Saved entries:

# # # # # # #

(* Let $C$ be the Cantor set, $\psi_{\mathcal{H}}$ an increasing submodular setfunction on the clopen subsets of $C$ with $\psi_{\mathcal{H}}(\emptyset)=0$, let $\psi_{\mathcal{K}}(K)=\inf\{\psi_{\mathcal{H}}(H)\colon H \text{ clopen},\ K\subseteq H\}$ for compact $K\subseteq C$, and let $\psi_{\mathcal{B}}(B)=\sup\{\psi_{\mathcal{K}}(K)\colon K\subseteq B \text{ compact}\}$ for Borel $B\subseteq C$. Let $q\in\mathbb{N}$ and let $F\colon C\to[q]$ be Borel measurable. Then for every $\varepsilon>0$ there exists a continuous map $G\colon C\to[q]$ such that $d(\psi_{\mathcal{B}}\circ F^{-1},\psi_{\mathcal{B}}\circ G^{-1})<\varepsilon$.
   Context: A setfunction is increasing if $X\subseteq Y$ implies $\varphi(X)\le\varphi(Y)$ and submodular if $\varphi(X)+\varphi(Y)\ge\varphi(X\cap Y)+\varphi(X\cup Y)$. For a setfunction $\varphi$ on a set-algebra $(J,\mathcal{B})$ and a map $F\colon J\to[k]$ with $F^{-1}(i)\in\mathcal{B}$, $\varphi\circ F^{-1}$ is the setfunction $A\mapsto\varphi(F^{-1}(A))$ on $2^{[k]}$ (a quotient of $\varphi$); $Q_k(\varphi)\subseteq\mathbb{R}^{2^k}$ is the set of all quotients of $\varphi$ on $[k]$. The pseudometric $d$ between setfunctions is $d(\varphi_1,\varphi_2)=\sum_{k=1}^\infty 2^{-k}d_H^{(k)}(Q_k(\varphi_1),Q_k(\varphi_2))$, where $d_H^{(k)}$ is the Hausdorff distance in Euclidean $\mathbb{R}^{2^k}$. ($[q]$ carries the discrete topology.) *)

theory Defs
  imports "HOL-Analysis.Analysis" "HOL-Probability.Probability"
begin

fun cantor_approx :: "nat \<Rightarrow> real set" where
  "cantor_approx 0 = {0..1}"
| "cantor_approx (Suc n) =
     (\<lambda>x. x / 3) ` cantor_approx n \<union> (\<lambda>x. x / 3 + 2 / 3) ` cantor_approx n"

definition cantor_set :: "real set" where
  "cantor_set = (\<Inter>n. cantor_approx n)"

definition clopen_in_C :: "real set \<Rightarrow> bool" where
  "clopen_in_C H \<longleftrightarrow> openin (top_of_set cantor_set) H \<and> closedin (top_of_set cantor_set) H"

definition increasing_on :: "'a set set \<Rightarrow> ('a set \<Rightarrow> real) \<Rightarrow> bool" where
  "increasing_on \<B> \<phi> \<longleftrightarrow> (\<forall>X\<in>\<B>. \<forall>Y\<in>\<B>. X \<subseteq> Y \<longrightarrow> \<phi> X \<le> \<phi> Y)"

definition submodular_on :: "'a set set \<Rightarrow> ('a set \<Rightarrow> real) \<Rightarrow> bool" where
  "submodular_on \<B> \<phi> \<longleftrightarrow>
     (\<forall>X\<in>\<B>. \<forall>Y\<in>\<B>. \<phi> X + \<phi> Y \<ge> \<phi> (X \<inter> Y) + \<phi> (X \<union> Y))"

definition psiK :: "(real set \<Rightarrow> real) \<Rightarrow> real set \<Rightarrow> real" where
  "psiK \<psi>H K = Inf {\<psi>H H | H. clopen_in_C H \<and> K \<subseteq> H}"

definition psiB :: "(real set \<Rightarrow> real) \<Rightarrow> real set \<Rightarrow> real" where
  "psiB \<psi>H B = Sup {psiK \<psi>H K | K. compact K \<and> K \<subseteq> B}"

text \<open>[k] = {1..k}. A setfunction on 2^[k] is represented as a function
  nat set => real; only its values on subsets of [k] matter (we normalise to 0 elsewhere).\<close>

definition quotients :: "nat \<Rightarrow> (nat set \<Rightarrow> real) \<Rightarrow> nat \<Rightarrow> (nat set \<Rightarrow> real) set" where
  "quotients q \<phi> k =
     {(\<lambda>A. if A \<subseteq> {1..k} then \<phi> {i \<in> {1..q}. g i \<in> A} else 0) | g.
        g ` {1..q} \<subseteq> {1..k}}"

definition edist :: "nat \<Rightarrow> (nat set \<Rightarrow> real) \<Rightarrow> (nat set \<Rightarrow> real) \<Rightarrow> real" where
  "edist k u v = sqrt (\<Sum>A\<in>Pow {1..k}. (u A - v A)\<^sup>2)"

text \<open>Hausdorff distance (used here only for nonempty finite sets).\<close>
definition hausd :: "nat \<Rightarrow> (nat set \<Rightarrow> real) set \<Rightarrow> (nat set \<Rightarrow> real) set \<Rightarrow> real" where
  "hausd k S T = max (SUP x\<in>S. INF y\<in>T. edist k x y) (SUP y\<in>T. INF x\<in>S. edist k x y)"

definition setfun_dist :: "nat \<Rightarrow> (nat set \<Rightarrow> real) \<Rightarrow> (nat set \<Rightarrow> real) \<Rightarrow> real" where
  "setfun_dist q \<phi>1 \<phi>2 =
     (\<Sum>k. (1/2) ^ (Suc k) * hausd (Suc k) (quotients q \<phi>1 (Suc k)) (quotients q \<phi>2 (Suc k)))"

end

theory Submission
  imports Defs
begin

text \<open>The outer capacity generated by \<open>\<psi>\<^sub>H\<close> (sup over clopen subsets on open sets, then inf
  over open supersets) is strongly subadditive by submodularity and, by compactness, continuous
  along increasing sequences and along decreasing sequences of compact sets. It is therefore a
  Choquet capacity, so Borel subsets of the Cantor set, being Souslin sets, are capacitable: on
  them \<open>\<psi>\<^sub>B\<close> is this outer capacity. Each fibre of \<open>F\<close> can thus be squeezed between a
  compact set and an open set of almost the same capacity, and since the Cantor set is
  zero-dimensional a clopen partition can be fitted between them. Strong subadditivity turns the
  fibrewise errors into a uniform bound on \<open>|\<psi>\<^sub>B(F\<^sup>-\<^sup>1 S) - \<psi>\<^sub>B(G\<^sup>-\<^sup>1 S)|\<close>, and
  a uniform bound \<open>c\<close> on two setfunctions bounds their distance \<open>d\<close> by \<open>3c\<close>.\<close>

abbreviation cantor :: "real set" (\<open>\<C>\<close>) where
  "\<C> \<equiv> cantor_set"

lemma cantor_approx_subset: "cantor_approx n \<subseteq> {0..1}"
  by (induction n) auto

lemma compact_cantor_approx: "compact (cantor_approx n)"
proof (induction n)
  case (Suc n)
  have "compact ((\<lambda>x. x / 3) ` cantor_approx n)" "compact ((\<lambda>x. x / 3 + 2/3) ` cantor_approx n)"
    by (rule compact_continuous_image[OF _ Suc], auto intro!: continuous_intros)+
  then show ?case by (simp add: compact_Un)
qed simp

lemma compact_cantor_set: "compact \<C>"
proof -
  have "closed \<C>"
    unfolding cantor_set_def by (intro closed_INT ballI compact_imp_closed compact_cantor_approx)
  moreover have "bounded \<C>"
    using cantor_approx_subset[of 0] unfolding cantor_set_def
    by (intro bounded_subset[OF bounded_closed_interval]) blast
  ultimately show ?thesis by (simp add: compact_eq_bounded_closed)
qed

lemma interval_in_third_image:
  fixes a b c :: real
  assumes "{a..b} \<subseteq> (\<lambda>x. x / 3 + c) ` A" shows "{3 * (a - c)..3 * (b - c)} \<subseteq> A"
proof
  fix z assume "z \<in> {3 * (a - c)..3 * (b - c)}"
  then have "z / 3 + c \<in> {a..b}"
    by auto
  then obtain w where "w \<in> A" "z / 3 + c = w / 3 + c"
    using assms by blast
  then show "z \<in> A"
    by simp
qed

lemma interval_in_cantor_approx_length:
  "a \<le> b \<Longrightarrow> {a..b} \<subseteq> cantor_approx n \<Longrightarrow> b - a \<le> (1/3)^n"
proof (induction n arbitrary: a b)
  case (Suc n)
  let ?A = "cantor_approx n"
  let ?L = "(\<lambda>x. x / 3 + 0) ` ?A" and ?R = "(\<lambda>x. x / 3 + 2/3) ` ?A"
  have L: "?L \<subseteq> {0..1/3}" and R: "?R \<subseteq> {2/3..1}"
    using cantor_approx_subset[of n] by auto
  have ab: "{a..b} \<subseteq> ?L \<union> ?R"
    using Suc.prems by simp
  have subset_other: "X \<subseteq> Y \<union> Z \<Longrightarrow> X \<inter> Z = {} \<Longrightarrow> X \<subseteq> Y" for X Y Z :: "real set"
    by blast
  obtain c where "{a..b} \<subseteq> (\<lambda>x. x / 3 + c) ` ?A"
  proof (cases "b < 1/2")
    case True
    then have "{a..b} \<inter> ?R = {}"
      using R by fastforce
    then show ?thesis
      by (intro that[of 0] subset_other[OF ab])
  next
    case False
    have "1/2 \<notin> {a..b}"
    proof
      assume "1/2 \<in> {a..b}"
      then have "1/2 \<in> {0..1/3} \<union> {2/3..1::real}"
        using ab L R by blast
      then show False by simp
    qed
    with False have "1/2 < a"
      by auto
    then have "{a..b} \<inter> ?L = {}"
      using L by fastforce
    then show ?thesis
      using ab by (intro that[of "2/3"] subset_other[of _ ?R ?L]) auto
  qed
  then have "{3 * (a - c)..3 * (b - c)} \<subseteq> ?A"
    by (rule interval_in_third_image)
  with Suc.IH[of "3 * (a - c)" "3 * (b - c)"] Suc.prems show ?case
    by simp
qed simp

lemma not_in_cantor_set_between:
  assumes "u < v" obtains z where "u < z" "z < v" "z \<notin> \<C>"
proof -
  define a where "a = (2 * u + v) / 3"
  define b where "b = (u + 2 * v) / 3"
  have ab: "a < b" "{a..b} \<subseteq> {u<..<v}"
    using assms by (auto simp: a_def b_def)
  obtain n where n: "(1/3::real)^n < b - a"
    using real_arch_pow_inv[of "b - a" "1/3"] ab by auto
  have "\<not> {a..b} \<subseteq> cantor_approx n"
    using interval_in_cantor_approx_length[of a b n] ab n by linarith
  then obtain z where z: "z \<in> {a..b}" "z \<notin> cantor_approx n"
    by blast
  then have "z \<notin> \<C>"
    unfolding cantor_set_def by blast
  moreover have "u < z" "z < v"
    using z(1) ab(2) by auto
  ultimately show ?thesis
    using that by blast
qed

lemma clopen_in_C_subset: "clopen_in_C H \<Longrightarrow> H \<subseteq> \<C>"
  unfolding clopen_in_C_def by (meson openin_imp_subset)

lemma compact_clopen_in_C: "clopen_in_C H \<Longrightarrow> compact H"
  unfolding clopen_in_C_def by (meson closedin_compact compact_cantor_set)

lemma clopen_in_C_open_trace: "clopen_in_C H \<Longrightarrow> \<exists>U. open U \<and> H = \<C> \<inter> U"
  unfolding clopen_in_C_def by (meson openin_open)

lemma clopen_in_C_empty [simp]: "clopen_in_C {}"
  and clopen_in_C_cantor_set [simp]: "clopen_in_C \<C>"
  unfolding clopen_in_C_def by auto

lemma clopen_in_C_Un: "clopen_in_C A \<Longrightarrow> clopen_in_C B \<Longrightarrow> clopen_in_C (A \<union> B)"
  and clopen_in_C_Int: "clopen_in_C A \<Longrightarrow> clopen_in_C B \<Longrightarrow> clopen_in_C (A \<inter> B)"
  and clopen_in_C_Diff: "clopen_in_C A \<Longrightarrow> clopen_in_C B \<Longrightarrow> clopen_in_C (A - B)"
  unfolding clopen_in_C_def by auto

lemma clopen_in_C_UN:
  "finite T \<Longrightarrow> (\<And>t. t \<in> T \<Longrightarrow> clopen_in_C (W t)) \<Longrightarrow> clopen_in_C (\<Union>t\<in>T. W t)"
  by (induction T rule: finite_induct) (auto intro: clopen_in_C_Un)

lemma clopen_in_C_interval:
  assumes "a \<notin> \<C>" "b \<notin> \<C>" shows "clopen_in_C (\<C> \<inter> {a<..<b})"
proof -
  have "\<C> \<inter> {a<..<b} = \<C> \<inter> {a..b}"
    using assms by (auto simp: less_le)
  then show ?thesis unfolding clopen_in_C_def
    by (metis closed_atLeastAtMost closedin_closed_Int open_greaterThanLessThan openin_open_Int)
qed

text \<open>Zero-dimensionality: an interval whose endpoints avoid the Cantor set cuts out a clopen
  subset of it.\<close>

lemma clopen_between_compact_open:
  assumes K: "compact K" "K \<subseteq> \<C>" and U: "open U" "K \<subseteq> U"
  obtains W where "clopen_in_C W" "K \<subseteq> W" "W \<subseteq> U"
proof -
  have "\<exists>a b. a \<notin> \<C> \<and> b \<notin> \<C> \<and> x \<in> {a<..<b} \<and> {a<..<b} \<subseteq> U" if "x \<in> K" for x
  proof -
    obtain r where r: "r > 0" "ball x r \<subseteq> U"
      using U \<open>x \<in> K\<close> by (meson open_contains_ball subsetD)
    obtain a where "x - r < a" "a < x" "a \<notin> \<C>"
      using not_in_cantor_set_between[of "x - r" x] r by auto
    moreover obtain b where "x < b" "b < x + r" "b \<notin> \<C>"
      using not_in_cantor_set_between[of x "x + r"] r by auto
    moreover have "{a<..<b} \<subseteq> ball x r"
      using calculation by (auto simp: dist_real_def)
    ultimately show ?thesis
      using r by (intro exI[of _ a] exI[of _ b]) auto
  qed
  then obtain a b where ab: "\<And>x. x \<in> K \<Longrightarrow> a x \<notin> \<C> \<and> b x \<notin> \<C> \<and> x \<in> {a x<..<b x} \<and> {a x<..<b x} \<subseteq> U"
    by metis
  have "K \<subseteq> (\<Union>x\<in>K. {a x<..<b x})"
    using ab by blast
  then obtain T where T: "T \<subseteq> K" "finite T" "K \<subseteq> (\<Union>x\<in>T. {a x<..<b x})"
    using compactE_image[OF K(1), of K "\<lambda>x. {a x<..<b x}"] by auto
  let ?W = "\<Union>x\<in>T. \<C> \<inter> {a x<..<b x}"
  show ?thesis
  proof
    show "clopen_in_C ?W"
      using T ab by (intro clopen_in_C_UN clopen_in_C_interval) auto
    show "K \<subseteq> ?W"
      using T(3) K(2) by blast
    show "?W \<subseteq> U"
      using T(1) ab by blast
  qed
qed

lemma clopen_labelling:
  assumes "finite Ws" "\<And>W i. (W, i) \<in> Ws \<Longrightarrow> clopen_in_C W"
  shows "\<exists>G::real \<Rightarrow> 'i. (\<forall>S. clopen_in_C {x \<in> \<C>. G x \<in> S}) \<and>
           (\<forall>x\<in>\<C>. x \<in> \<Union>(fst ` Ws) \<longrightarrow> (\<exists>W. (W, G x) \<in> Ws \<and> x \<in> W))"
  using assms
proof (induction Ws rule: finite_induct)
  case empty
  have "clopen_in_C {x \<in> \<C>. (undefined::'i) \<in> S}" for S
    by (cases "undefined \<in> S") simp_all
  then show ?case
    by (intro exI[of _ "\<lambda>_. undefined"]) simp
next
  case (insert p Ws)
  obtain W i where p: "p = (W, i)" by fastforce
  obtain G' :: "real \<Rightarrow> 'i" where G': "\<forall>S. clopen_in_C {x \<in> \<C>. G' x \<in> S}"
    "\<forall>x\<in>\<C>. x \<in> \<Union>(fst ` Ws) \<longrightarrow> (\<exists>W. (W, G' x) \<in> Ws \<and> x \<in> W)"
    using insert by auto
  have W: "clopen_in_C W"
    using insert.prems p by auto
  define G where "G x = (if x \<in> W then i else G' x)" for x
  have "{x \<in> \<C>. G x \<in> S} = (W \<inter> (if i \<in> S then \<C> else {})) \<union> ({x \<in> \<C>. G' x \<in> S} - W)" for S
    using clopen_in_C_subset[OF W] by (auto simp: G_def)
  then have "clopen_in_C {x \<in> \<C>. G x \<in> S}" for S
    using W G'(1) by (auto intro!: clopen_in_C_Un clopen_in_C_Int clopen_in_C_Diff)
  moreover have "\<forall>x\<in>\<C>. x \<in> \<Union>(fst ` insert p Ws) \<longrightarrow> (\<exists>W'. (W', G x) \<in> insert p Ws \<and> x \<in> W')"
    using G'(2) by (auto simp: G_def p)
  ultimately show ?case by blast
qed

# # # # # # #

Aim of the task: Search the entries for the word "outer", then gather every line that has it.

Answer box:
text \<open>The outer capacity generated by \<open>\<psi>\<^sub>H\<close> (sup over clopen subsets on open sets, then inf
  them \<open>\<psi>\<^sub>B\<close> is this outer capacity. Each fibre of \<open>F\<close> can thus be squeezed between a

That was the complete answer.